Вслед разом узнал, что некая группа достойнейших, включавшая
И возникло опасение: не перехватят ли выгодную для городища водную грузоперевозку, а с ней и фрахт, чуждые булгары, заняв опустевшую нишу – в явный урон коренным и укоренившимся жителям сего городища, портового? Однако упомянутые достойнейшие, а не пришло еще время назвать имена, ведь лютые у них конкуренты – одно слово, волчары, полагают срочным: выкупить суда той эскадры, дополнить новыми и передать непосредственное управление приглашенным младым из самых даровитых и дельных; самим же остаться в тени, получая половину с будущих прибылей. Понятно, что тем младым, коим достанется иная половина, неплохо бы наперед навсегда избавиться от небезопасных для них Горазда и Благослава, понеже невмочь исключить, что завербуют их конкуренты и выведают все коммерческие тайны!
– И открою тебе, отныне обрученному с клятвой высшей секретности, за разглашение коей надлежит смерть в страшных муках, что во главе тех молодых наметили поставить тя, ибо самый ты даровитый из даровитых и самый дельный из дельных! – завершил Глот, урожденный Дорофей из ромейской Деметриады, грек по отцу, велезегит по матери и тайный христианин по исповеданию, пребывающий в качестве резидента в бассейнах Оки и Прони под личиной примерного вятича и ревнителя поклонения Стрибогу.

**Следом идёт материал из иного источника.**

lemma disutility_mono_above_opt_indemnity:
  assumes "0 < p" "p < 1" "opt_indemnity p \<le> J" "J \<le> I"
  shows "disutility p J \<le> disutility p I"
proof -
  have "exp (R * opt_indemnity p) \<le> exp (R * J)"
    using assms R_pos by simp
  then have "(1 - \<alpha>) * p \<le> \<alpha> * (1 - p) * exp (-R * W) * exp (R * J)"
    unfolding opt_indemnity_stationary[OF assms(1,2), symmetric]
    using assms \<alpha>_pos by (intro mult_left_mono) auto
  then have "0 \<le> R * (I - J) * exp (-R * (1 - \<alpha>) * J) *
      (\<alpha> * (1 - p) * exp (-R * W) * exp (R * J) - (1 - \<alpha>) * p)"
    using assms R_pos by simp
  with disutility_tangent[of p J I] assms show ?thesis
    by linarith
qed

lemma U_le_U_opt_indemnity:
  assumes "0 < p" "p < 1"
  shows "U \<alpha> f R W p I \<le> U \<alpha> f R W p (opt_indemnity p)"
  using disutility_opt_indemnity_le[OF assms] by (simp add: U_eq_disutility)

lemma U_le_U0_if_opt_indemnity_nonpos:
  assumes "0 \<le> f" "0 < p" "p < 1" "opt_indemnity p \<le> 0" "0 \<le> I"
  shows "U \<alpha> f R W p I \<le> U0 R W p"
proof -
  have "disutility p 0 \<le> disutility p I"
    using assms by (intro disutility_mono_above_opt_indemnity) auto
  moreover have "0 \<le> disutility p 0" "1 \<le> exp (R * f)"
    using assms R_pos by (auto simp: disutility_def)
  ultimately have "1 * disutility p 0 \<le> exp (R * f) * disutility p I"
    by (intro mult_mono) auto
  then show ?thesis
    by (simp add: U_eq_disutility U0_eq_disutility)
qed

text \<open>Insuring at a stationary indemnity \<open>J\<close> beats not insuring iff \<open>e\<^sup>R\<^sup>f < break_even J\<close>.\<close>

definition break_even :: "real \<Rightarrow> real" where
  "break_even J = \<alpha> * exp (R * (1 - \<alpha>) * J) + (1 - \<alpha>) * exp (-R * \<alpha> * J)"

lemma disutility_at_stationary:
  assumes "\<alpha> * (1 - p) * exp (-R * W) * exp (R * J) = (1 - \<alpha>) * p"
  shows "disutility p J = (1 - p) * exp (-R * W) * exp (R * \<alpha> * J) / (1 - \<alpha>)"
    and "disutility p 0 = (1 - p) * exp (-R * W) * exp (R * \<alpha> * J) / (1 - \<alpha>) * break_even J"
proof -
  define a b where "a = exp (R * \<alpha> * J)" and "b = exp (R * (1 - \<alpha>) * J)"
  have exps: "exp (R * J) = a * b" "exp (-R * (1 - \<alpha>) * J) = 1 / b" "exp (-R * \<alpha> * J) = 1 / a"
    by (simp_all add: a_def b_def exp_minus inverse_eq_divide flip: exp_add) (simp add: algebra_simps)
  have "a > 0" "b > 0"
    by (simp_all add: a_def b_def)
  have p: "p = \<alpha> * (1 - p) * exp (-R * W) * a * b / (1 - \<alpha>)"
    using assms[unfolded exps(1)] \<alpha>_less_1 by (simp add: field_simps)
  show "disutility p J = (1 - p) * exp (-R * W) * exp (R * \<alpha> * J) / (1 - \<alpha>)"
    using \<alpha>_less_1 \<open>b > 0\<close> unfolding disutility_def exps a_def[symmetric]
    by (subst (1) p) (simp add: field_simps)
  show "disutility p 0 = (1 - p) * exp (-R * W) * exp (R * \<alpha> * J) / (1 - \<alpha>) * break_even J"
    using \<alpha>_less_1 \<open>a > 0\<close> unfolding disutility_def break_even_def exps a_def[symmetric] b_def[symmetric]
    by (subst (1) p) (simp add: field_simps)
qed

lemma U_opt_indemnity_minus_U0:
  assumes "0 < p" "p < 1"
  shows "U \<alpha> f R W p (opt_indemnity p) - U0 R W p
    = (1 - p) * exp (-R * W) * exp (R * \<alpha> * opt_indemnity p) / (1 - \<alpha>)
      * (break_even (opt_indemnity p) - exp (R * f))"
  unfolding U_eq_disutility U0_eq_disutility
    disutility_at_stationary[OF opt_indemnity_stationary[OF assms]]
  by (simp add: right_diff_distrib)

lemma sgn_U_opt_indemnity_minus_U0:
  assumes "0 < p" "p < 1"
  shows "sgn (U \<alpha> f R W p (opt_indemnity p) - U0 R W p) = sgn (break_even (opt_indemnity p) - exp (R * f))"
  using assms \<alpha>_less_1 by (simp add: U_opt_indemnity_minus_U0 sgn_mult)

lemma break_even_0: "break_even 0 = 1"
  by (simp add: break_even_def)

lemma break_even_strict_mono_on: "strict_mono_on {0..} break_even"
proof (rule strict_mono_onI)
  fix a b :: real
  assume "a \<in> {0..}" "b \<in> {0..}" "a < b"
  then show "break_even a < break_even b"
  proof (intro DERIV_pos_imp_increasing_open[OF \<open>a < b\<close>])
    fix x
    assume "a < x" "x < b"
    with \<open>a \<in> {0..}\<close> R_pos have "exp (-R * \<alpha> * x) < exp (R * (1 - \<alpha>) * x)"
      by (simp add: algebra_simps)
    then have "0 < R * \<alpha> * (1 - \<alpha>) * (exp (R * (1 - \<alpha>) * x) - exp (-R * \<alpha> * x))"
      using R_pos \<alpha>_pos \<alpha>_less_1 by simp
    moreover have "(break_even has_real_derivative
        R * \<alpha> * (1 - \<alpha>) * (exp (R * (1 - \<alpha>) * x) - exp (-R * \<alpha> * x))) (at x)"
      unfolding break_even_def by (auto intro!: derivative_eq_intros simp: algebra_simps)
    ultimately show "\<exists>y. (break_even has_real_derivative y) (at x) \<and> 0 < y"
      by blast
  next
    show "continuous_on {a..b} break_even"
      unfolding break_even_def by (intro continuous_intros)
  qed
qed

lemma break_even_crossing:
  assumes "1 < y"
  shows "\<exists>J>0. break_even J = y"
proof -
  define J where "J = y / (\<alpha> * R * (1 - \<alpha>))"
  have "0 < J"
    using assms \<alpha>_pos \<alpha>_less_1 R_pos by (simp add: J_def)
  have "y < \<alpha> * (1 + R * (1 - \<alpha>) * J)"
    using \<alpha>_pos \<alpha>_less_1 R_pos by (simp add: J_def field_simps)
  also have "\<dots> \<le> \<alpha> * exp (R * (1 - \<alpha>) * J)"
    using \<alpha>_pos by (simp add: exp_ge_add_one_self)
  also have "\<dots> \<le> break_even J"
    using \<alpha>_less_1 by (simp add: break_even_def)
  finally have "y \<le> break_even J"
    by simp
  moreover have "continuous_on {0..J} break_even"
    unfolding break_even_def by (intro continuous_intros)
  ultimately obtain J' where "0 \<le> J'" "J' \<le> J" "break_even J' = y"
    using IVT'[of break_even 0 y J] assms \<open>0 < J\<close> by (auto simp: break_even_0)
  with assms show ?thesis
    by (metis break_even_0 less_eq_real_def less_irrefl)
qed

lemma insurance_threshold:
  assumes "0 < f"
  obtains pstar where "pstar \<in> {0<..<1}"
    and "\<And>p. pstar \<le> p \<Longrightarrow> p < 1 \<Longrightarrow> 0 < opt_indemnity p"
    and "\<And>p. p \<in> {0<..<1} \<Longrightarrow> 0 \<le> opt_indemnity p \<Longrightarrow>
      sgn (U \<alpha> f R W p (opt_indemnity p) - U0 R W p) = sgn (p - pstar)"
proof -
  have "1 < exp (R * f)"
    using assms R_pos by simp
  then obtain J where J: "0 < J" "break_even J = exp (R * f)"
    using break_even_crossing by blast
  obtain pstar where pstar: "pstar \<in> {0<..<1}" "opt_indemnity pstar = J"
    using opt_indemnity_surj by blast
  have sgn_opt_indemnity: "sgn (opt_indemnity p - J) = sgn (p - pstar)" if "p \<in> {0<..<1}" for p
    using sgn_diff_strict_mono_on[OF opt_indemnity_strict_mono_on that pstar(1)] pstar(2) by simp
  show ?thesis
  proof (rule that[OF pstar(1)])
    show "0 < opt_indemnity p" if "pstar \<le> p" "p < 1" for p
      using sgn_opt_indemnity[of p] pstar J that by (auto simp: sgn_if split: if_splits)
    show "sgn (U \<alpha> f R W p (opt_indemnity p) - U0 R W p) = sgn (p - pstar)"
      if "p \<in> {0<..<1}" "0 \<le> opt_indemnity p" for p
      using sgn_U_opt_indemnity_minus_U0[of p f] sgn_opt_indemnity[OF that(1)] J that
        sgn_diff_strict_mono_on[OF break_even_strict_mono_on, of "opt_indemnity p" J] by simp
  qed
qed

end

theorem proposition4p1:
  fixes \<alpha> f W R :: real
  assumes "0 < \<alpha>" and "\<alpha> < 1" and "0 < f" and "0 < W" and "0 < R"
  shows "\<exists>pstar Ihat. 0 < pstar \<and> pstar < 1 \<and>
     smooth_on {pstar..<1} Ihat \<and>
     (\<forall>p\<in>{pstar..<1}. 0 < Ihat p) \<and>
     (\<forall>p\<in>{0<..<pstar}. \<forall>I\<ge>0. U \<alpha> f R W p I \<le> U0 R W p) \<and>
     ((\<forall>I\<ge>0. U \<alpha> f R W pstar I \<le> U \<alpha> f R W pstar (Ihat pstar)) \<and>
      U0 R W pstar = U \<alpha> f R W pstar (Ihat pstar) \<and> 0 < Ihat pstar) \<and>
     (\<forall>p\<in>{pstar<..<1}.
        (\<forall>I\<ge>0. U \<alpha> f R W p I \<le> U \<alpha> f R W p (Ihat p)) \<and>
        U \<alpha> f R W p (Ihat p) > U0 R W p \<and> 0 < Ihat p)"
proof -
  interpret cara_insurance \<alpha> R W
    using assms by unfold_locales
  obtain pstar where pstar: "pstar \<in> {0<..<1}"
    and opt_indemnity_pos: "\<And>p. pstar \<le> p \<Longrightarrow> p < 1 \<Longrightarrow> 0 < opt_indemnity p"
    and sgn_gain: "\<And>p. p \<in> {0<..<1} \<Longrightarrow> 0 \<le> opt_indemnity p \<Longrightarrow>
      sgn (U \<alpha> f R W p (opt_indemnity p) - U0 R W p) = sgn (p - pstar)"
    using insurance_threshold \<open>0 < f\<close> by blast
  show ?thesis
  proof (intro exI[of _ pstar] exI[of _ opt_indemnity] conjI ballI allI impI)
    show "smooth_on {pstar..<1} opt_indemnity"
      using pstar by (intro smooth_on_opt_indemnity) auto
  next
    fix p I :: real
    assume p: "p \<in> {0<..<pstar}" and "0 \<le> I"
    show "U \<alpha> f R W p I \<le> U0 R W p"
    proof (cases "opt_indemnity p \<le> 0")
      case True
      with p pstar \<open>0 \<le> I\<close> \<open>0 < f\<close> show ?thesis
        by (intro U_le_U0_if_opt_indemnity_nonpos) auto
    next
      case False
      with p pstar sgn_gain[of p] U_le_U_opt_indemnity[of p f I] show ?thesis
        by (auto simp: sgn_if split: if_splits)
    qed
  next
    show "U0 R W pstar = U \<alpha> f R W pstar (opt_indemnity pstar)"
      using sgn_gain[of pstar] opt_indemnity_pos[of pstar] pstar by (simp add: sgn_0_0)
  next
    fix p
    assume "p \<in> {pstar<..<1}"
    then show "U0 R W p < U \<alpha> f R W p (opt_indemnity p)"
      using sgn_gain[of p] opt_indemnity_pos[of p] pstar by (auto simp: sgn_if split: if_splits)
  qed (use pstar opt_indemnity_pos U_le_U_opt_indemnity in auto)
qed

– Достоин ли я? – изобразил скромность самый даровитый и дельный, с недоверием восприняв озвученные посулы, а не в силах постигнуть, чего исподволь добивается меняла. Ведь не был Веденей легко управляемым извне лохом – тут бывалый Глот вельми ошибся. И понапрасну решил он привлечь к исполнению задуманных злодейств именно того, за кем приступал охотиться герой Молчан. Понеже, вследствие той неразумности, кармические колеса причинно-следственного ряда сделали оборот от «не нашего» резидента в направлении славного ловчего, одновременно и нештатного сотрудника «наших» органов, предопределяя неизбежный конфликт интересов, аще не сумеют договориться…
– Достоин, и неоспоримо! Многие тебе лета во главе судоходства до Булгара и обратно! – воскликнул махровый искуситель, наметивший кончину Веденея, едва тот устранит Горазда и Благослава, и решив наново прибегнуть к методике, упокоившей изменившего Горазду Елагу, коему Глот посулил – пред чаркой с отравленной мальвазией:
– Назавтра убываю по неотложным делам на брега Прони. Вернусь дней чрез десять, не ране. Ты же за сей срок обдумай насчет тех двоих, неугодных Стрибогу, зане опозорили честную славу всего нашего городища. Вельми опасно – особливо для тя, и впредь терпеть их на этом свете. Зажились! А договорим по моему возвращению…
На том и расстались они, тая разные умыслы. Ибо напутствие менялы зело впечатлило Веденея, ощутившего угрозу самому себе. Ведь ему, по сути, предлагалось свершить двойное злодеяние, получив вместо задатка ничем не подкрепленное обещание главенства в чужой затее, отнюдь не гарантировавшей реальную выгоду, вельми смахивая на «разводку».
Не бая уже о том, что по упокоению Горазда и Стрибога он мигом оказывался «лишним звеном» и ненужным свидетелем, подлежащим профилактической «зачистке» навек.
«Сколь мерзостен сей! Нет в нем в душевности! Подталкивать мя упокоить старшего друга и наставника моими же руце, будто не бывает иных, что может быть гаже?! – с возмущением вывел он.
И тут же приступил размышлять: открыть, либо не открыть Горазду черную задумку Глота, и что выгоднее самому? Ведь ясно, что Горазд тут же вознамерится отправить менялу, а заодно и Благослава, на собеседование к Стрибогу, дабы не оказаться там первому, и призовет в пособники его, Веденея в сем городище, ибо вдвоем куда сподручней.
Однако у Глота – немалые связи среди преуспевающих жителей городища, преждевременная кончина его наверняка вызовет толки и начнется расследование. Не пришлось бы дале спешно удариться в драп!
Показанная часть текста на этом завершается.